(* Let $\lambda,\mu,\alpha>0$. For $x\in\mathbb{Z}^+$ let $\xi_x(t)$, $t\ge0$, denote the Poisson process with uniform catastrophes with parameters $\lambda,\mu,\alpha$ started from $\xi_x(0)=x$ (defined in the context). Then for any integers $0\le x<y$, any $z\in\mathbb{R}$ and any $t\ge0$, $$\mathbf{P}(\xi_y(t)>z)\le\mathbf{P}(\xi_x(t)>z-|x-y|).$$
   Context: Let $\eta$ be a Markov chain on $\mathbb{Z}^+=\{0,1,2,\dots\}$ with transition probabilities $\mathbf{P}(\eta(n+1)=j\mid\eta(n)=i)=\frac{\lambda}{\lambda+\mu}$ if $j=i+1$ (and $i\ge1$), $=\frac{\mu}{i(\lambda+\mu)}$ if $0\le j<i$, $i\neq0$, and $=1$ if $i=0$, $j=1$. Let $\nu(t)$ be a Poisson process of rate $\alpha$ independent of $\eta$. The process $\xi_x(t):=\eta(\nu(t))$ where $\eta(0)=x$ is the Poisson process with uniform catastrophes started at $x$. *)

theory Defs
  imports "HOL-Probability.Probability"
begin

definition eta_step :: "real \<Rightarrow> real \<Rightarrow> nat \<Rightarrow> nat pmf" where
  "eta_step lam mu i =
     (if i = 0 then return_pmf 1
      else bind_pmf (bernoulli_pmf (lam / (lam + mu)))
             (\<lambda>b. if b then return_pmf (i + 1) else pmf_of_set {0..<i}))"

primrec eta_dist :: "real \<Rightarrow> real \<Rightarrow> nat \<Rightarrow> nat \<Rightarrow> nat pmf" where
  "eta_dist lam mu x 0 = return_pmf x"
| "eta_dist lam mu x (Suc n) = bind_pmf (eta_dist lam mu x n) (eta_step lam mu)"

text \<open>P(xi_x(t) \<in> A) where xi_x(t) = eta(nu(t)), nu a rate-alpha Poisson process
  independent of eta with eta(0) = x: condition on nu(t) = n, which has
  probability exp(-alpha t)(alpha t)^n / n!.\<close>
definition xi_prob :: "real \<Rightarrow> real \<Rightarrow> real \<Rightarrow> nat \<Rightarrow> real \<Rightarrow> nat set \<Rightarrow> real" where
  "xi_prob lam mu alpha x t A =
     (\<Sum>n. exp (- alpha * t) * (alpha * t) ^ n / fact n
            * measure_pmf.prob (eta_dist lam mu x n) A)"

end

theory Submission
  imports Defs
begin

text \<open>The chains started at \<open>x\<close> and \<open>y = x + d\<close> can be coupled so that the second never
  exceeds the first by more than \<open>d\<close>: both move up together, and for a catastrophe from
  states \<open>i, j > 0\<close> one draws \<open>k\<close> uniformly from \<open>{0..<i*j}\<close> and jumps to \<open>k div j\<close> and
  \<open>k div i\<close>, which are uniform on \<open>{0..<i}\<close> and \<open>{0..<j}\<close>. This dominates the laws of
  \<open>\<eta>(n)\<close> for every \<open>n\<close>, and averaging over the Poisson number of steps preserves it.\<close>

lemma pmf_of_set_Times:
  assumes "finite A" "A \<noteq> {}" "finite B" "B \<noteq> {}"
  shows "pmf_of_set (A \<times> B) = pair_pmf (pmf_of_set A) (pmf_of_set B)"
proof (rule pmf_eqI)
  fix ab :: "'a \<times> 'b"
  show "pmf (pmf_of_set (A \<times> B)) ab = pmf (pair_pmf (pmf_of_set A) (pmf_of_set B)) ab"
    using assms by (cases ab) (simp add: pmf_pair card_cartesian_product indicator_def)
qed

lemma bij_betw_div_mod_atLeast0LessThan:
  "bij_betw (\<lambda>k. (k div j, k mod j)) {0..<i * j} ({0..<i} \<times> {0..<(j::nat)})"
proof (rule bij_betw_byWitness[where f' = "\<lambda>(a, b). a * j + b"])
  have "a * j + b < i * j" if "a < i" "b < j" for a b
  proof -
    have "a * j + b < (a + 1) * j" using that by simp
    also have "\<dots> \<le> i * j" using that by (intro mult_right_mono) auto
    finally show ?thesis .
  qed
  then show "(\<lambda>(a, b). a * j + b) ` ({0..<i} \<times> {0..<j}) \<subseteq> {0..<i * j}"
    by auto
  show "(\<lambda>k. (k div j, k mod j)) ` {0..<i * j} \<subseteq> {0..<i} \<times> {0..<j}"
    by (cases "j = 0") (auto simp: less_mult_imp_div_less)
qed auto

lemma map_pmf_div_pmf_of_set:
  assumes "0 < i" "0 < (j::nat)"
  shows "map_pmf (\<lambda>k. k div j) (pmf_of_set {0..<i * j}) = pmf_of_set {0..<i}"
proof -
  have "map_pmf (\<lambda>k. (k div j, k mod j)) (pmf_of_set {0..<i * j})
      = pair_pmf (pmf_of_set {0..<i}) (pmf_of_set {0..<j})"
    using assms
    by (simp add: map_pmf_of_set_bij_betw[OF bij_betw_div_mod_atLeast0LessThan] pmf_of_set_Times)
  then have "map_pmf fst (map_pmf (\<lambda>k. (k div j, k mod j)) (pmf_of_set {0..<i * j}))
      = pmf_of_set {0..<i}"
    by (simp add: map_fst_pair_pmf)
  then show ?thesis
    by (simp add: pmf.map_comp o_def)
qed

lemma div_le_div_add:
  fixes i j k d :: nat
  assumes "k < i * j" "j \<le> i + d"
  shows "k div i \<le> k div j + d"
proof -
  define q where "q = k div j"
  have "0 < j"
    using assms(1) by (cases "j = 0") auto
  have "q < i"
    using assms(1) unfolding q_def by (simp add: less_mult_imp_div_less)
  have "k < (q + 1) * j"
    unfolding q_def using dividend_less_div_times[OF \<open>0 < j\<close>, of k] by (simp add: algebra_simps)
  also have "\<dots> \<le> (q + 1) * i + (q + 1) * d"
    using mult_le_mono2[OF assms(2), of "q + 1"] by (simp add: algebra_simps)
  also have "\<dots> \<le> (q + 1) * i + i * d"
    using mult_le_mono1[of "q + 1" i d] \<open>q < i\<close> by simp
  also have "\<dots> = (q + d + 1) * i"
    by (simp add: algebra_simps)
  finally have "k div i < q + d + 1"
    by (rule less_mult_imp_div_less)
  then show ?thesis
    unfolding q_def by simp
qed

lemma rel_pmf_pmf_of_set_atLeast0LessThan:
  assumes "0 < i" "0 < j" "j \<le> i + d"
  shows "rel_pmf (\<lambda>a b. b \<le> a + d) (pmf_of_set {0..<i}) (pmf_of_set {0..<(j::nat)})"
proof (rule rel_pmf.intros[where pq = "map_pmf (\<lambda>k. (k div j, k div i)) (pmf_of_set {0..<i * j})"])
  show "map_pmf fst (map_pmf (\<lambda>k. (k div j, k div i)) (pmf_of_set {0..<i * j})) = pmf_of_set {0..<i}"
    using assms by (simp add: pmf.map_comp o_def map_pmf_div_pmf_of_set)
  show "map_pmf snd (map_pmf (\<lambda>k. (k div j, k div i)) (pmf_of_set {0..<i * j})) = pmf_of_set {0..<j}"
    using assms map_pmf_div_pmf_of_set[of j i] by (simp add: pmf.map_comp o_def mult.commute)
  show "b \<le> a + d" if "(a, b) \<in> set_pmf (map_pmf (\<lambda>k. (k div j, k div i)) (pmf_of_set {0..<i * j}))"
    for a b
    using that assms div_le_div_add[of _ i j d] by auto
qed

lemma set_pmf_eta_step_le: "b \<in> set_pmf (eta_step lam mu j) \<Longrightarrow> b \<le> Suc j"
  by (auto simp: eta_step_def split: if_splits)

lemma rel_pmf_eta_step:
  assumes "1 \<le> d" "j \<le> i + d"
  shows "rel_pmf (\<lambda>a b. b \<le> a + d) (eta_step lam mu i) (eta_step lam mu j)"
proof (cases "i = 0 \<or> j = 0")
  case True
  with assms show ?thesis
    by (auto simp: rel_pmf_return_pmf1 rel_pmf_return_pmf2 eta_step_def
        dest!: set_pmf_eta_step_le)
next
  case False
  have "rel_pmf (\<lambda>a b. b \<le> a + d)
      (if up then return_pmf (i + 1) else pmf_of_set {0..<i})
      (if up then return_pmf (j + 1) else pmf_of_set {0..<j})" for up
    using False assms by (simp add: rel_pmf_pmf_of_set_atLeast0LessThan)
  then show ?thesis
    using False unfolding eta_step_def
    by (auto intro!: rel_pmf_bindI[where R = "(=)"] rel_pmf_reflI)
qed

lemma rel_pmf_eta_dist:
  assumes "1 \<le> d" "y \<le> x + d"
  shows "rel_pmf (\<lambda>a b. b \<le> a + d) (eta_dist lam mu x n) (eta_dist lam mu y n)"
proof (induction n)
  case 0
  show ?case using assms by simp
next
  case (Suc n)
  then show ?case
    by (simp add: rel_pmf_bindI rel_pmf_eta_step[OF assms(1)])
qed

lemma prob_greater_le_of_rel_pmf:
  assumes "rel_pmf (\<lambda>a b. b \<le> a + d) p q"
  shows "measure_pmf.prob q {k. z < real k} \<le> measure_pmf.prob p {k. z - real d < real k}"
proof -
  have "rel_pmf (\<lambda>a b. b \<le> a + d)\<inverse>\<inverse> q p"
    using assms by (simp only: pmf.rel_flip)
  then have "measure_pmf.prob q {k. z < real k}
      \<le> measure_pmf.prob p {a. \<exists>b\<in>{k. z < real k}. (\<lambda>a b. b \<le> a + d)\<inverse>\<inverse> b a}"
    by (rule rel_pmf_measureD)
  also have "\<dots> \<le> measure_pmf.prob p {k. z - real d < real k}"
    by (intro measure_pmf.finite_measure_mono) auto
  finally show ?thesis .
qed

lemma xi_prob_mono:
  assumes "0 \<le> alpha" "0 \<le> t"
    and "\<And>n. measure_pmf.prob (eta_dist lam mu y n) B \<le> measure_pmf.prob (eta_dist lam mu x n) A"
  shows "xi_prob lam mu alpha y t B \<le> xi_prob lam mu alpha x t A"
proof -
  define w where "w n = exp (- alpha * t) * (alpha * t) ^ n / fact n" for n
  have w_nonneg: "0 \<le> w n" for n
    unfolding w_def using assms by simp
  have "summable w"
    using summable_mult[OF summable_exp[of "alpha * t"], of "exp (- alpha * t)"]
    unfolding w_def by (simp add: field_simps)
  then have summable_weighted: "summable (\<lambda>n. w n * measure_pmf.prob (eta_dist lam mu a n) C)" for a C
    by (rule summable_comparison_test'[where N = 0])
       (simp add: w_nonneg abs_mult mult_left_le)
  show ?thesis
    unfolding xi_prob_def w_def[symmetric]
    by (intro suminf_le summable_weighted mult_left_mono assms(3) w_nonneg)
qed

theorem corollary4p1:
  fixes lam mu alpha z t :: real and x y :: nat
  assumes "lam > 0" and "mu > 0" and "alpha > 0"
    and "x < y" and "t \<ge> 0"
  shows "xi_prob lam mu alpha y t {k. real k > z}
         \<le> xi_prob lam mu alpha x t {k. real k > z - \<bar>real x - real y\<bar>}"
proof -
  define d where "d = y - x"
  have "rel_pmf (\<lambda>a b. b \<le> a + d) (eta_dist lam mu x n) (eta_dist lam mu y n)" for n
    using \<open>x < y\<close> unfolding d_def by (intro rel_pmf_eta_dist) auto
  then have "measure_pmf.prob (eta_dist lam mu y n) {k. z < real k}
      \<le> measure_pmf.prob (eta_dist lam mu x n) {k. z - real d < real k}" for n
    by (rule prob_greater_le_of_rel_pmf)
  moreover have "\<bar>real x - real y\<bar> = real d"
    using \<open>x < y\<close> unfolding d_def by simp
  ultimately show ?thesis
    using \<open>alpha > 0\<close> \<open>t \<ge> 0\<close> by (simp add: xi_prob_mono)
qed

end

• WORK REQUEST:
After identifying the lines above that contain "fixes", copy each one.

• OUTPUT FOR THIS EXERCISE:
  fixes i j k d :: nat
  fixes lam mu alpha z t :: real and x y :: nat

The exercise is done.